- _Goal of the exercise_: Check every line of the entries for "with", and copy the lines that hold it.

★ ★ ★ ★ ★ ★ ★

theorem mainTheorem3:
  fixes r Kl Kr E mu j rho :: "real \<Rightarrow> real" and l0 Q :: real
  assumes reg: "regular_data r Kl Kr E"
    and af: "asymptotically_flat r Kl Kr"
    and ham: "\<And>l. l > 0 \<Longrightarrow>
      Kr l * (Kr l + 2 * Kl l) - ((deriv r l)\<^sup>2 + 2 * r l * deriv (deriv r) l - 1) / (r l)\<^sup>2
        = 8 * pi * mu l"
    and mom: "\<And>l. l > 0 \<Longrightarrow> deriv Kr l + deriv r l / r l * (Kr l - Kl l) = 4 * pi * j l"
    and gauss: "\<And>l. l > 0 \<Longrightarrow> deriv (\<lambda>s. E s * (r s)\<^sup>2) l / (r l)\<^sup>2 = 4 * pi * rho l"
    and l0: "l0 > 0"
    and dec: "\<And>l. 0 \<le> l \<Longrightarrow> l \<le> l0 \<Longrightarrow> mu l \<ge> \<bar>j l\<bar>"
    and ev_mu: "\<And>l. l > l0 \<Longrightarrow> mu l - (E l)\<^sup>2 / (8 * pi) = 0"
    and ev_j: "\<And>l. l > l0 \<Longrightarrow> j l = 0"
    and ev_rho: "\<And>l. l > l0 \<Longrightarrow> rho l = 0"
    and charge: "Q = 4 * pi * integral {0..l0} (\<lambda>l. rho l * (r l)\<^sup>2)"
    and bound: "2 * r l0 \<le> \<bar>Q\<bar>"
  shows "\<not> untrapped_on r Kr {l0..}"
proof
  assume untrapped: "untrapped_on r Kr {l0..}"
  have r: "smooth_fun r" and Kr: "smooth_fun Kr" and E: "smooth_fun E"
    and "r 0 = 0" and r_pos: "\<And>l. 0 < l \<Longrightarrow> 0 < r l"
    using reg unfolding regular_data_def by auto
  have r_top: "filterlim r at_top at_top"
    using af unfolding asymptotically_flat_def by simp
  have expanding: "(Kr l * r l)\<^sup>2 < (deriv r l)\<^sup>2" if "l0 \<le> l" for l
    using untrapped that theta_plus_mult_theta_minus_pos_iff[of r l Kr] r_pos[of l] l0
    unfolding untrapped_on_def by auto
  have "0 < deriv r l0"
  proof (rule deriv_pos_of_filterlim_at_top[OF r_top smooth_fun_has_real_derivative[OF r]])
    show "continuous_on {l0..} (deriv r)"
      using r by (intro smooth_fun_continuous_on smooth_fun_deriv)
    show "deriv r l \<noteq> 0" if "l0 \<le> l" for l
      using expanding[OF that] by auto
  qed
  with r Kr \<open>r 0 = 0\<close> r_pos ham mom dec l0 have "0 \<le> hawking_mass r Kr l0"
    by (rule hawking_mass_nonneg_of_dominant_energy)
  have flux: "E l * (r l)\<^sup>2 = Q" if "l0 < l" for l
    using flux_eq_enclosed_charge[OF r E \<open>r 0 = 0\<close> r_pos gauss l0 ev_rho charge less_imp_le[OF that]] .
  have "0 < r l0"
    using r_pos l0 by simp
  with bound have "r l0 \<le> \<bar>Q\<bar>"
    by simp
  then obtain ls where ls: "l0 \<le> ls" "r ls = \<bar>Q\<bar>"
    by (rule filterlim_at_top_IVT[OF smooth_fun_continuous_on[OF r] r_top])
  have "charged_mass r Kr Q ls = charged_mass r Kr Q l0"
    by (rule charged_mass_const[OF r Kr r_pos ham mom l0 ev_mu ev_j flux ls(1)])
  moreover have "charged_mass r Kr Q ls < \<bar>Q\<bar>"
    using expanding[OF ls(1)] hawking_mass_lt_iff[of r ls Kr] r_pos[of ls] ls l0
    by (intro charged_mass_lt_abs) simp_all
  moreover have "\<bar>Q\<bar> \<le> charged_mass r Kr Q l0"
    by (rule charged_mass_ge_abs) fact+
  ultimately show False
    by simp
qed

end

★ ★ ★ ★ ★ ★ ★

- _Exercise response_:
  with r Kr \<open>r 0 = 0\<close> r_pos ham mom dec l0 have "0 \<le> hawking_mass r Kr l0"
  with bound have "r l0 \<le> \<bar>Q\<bar>"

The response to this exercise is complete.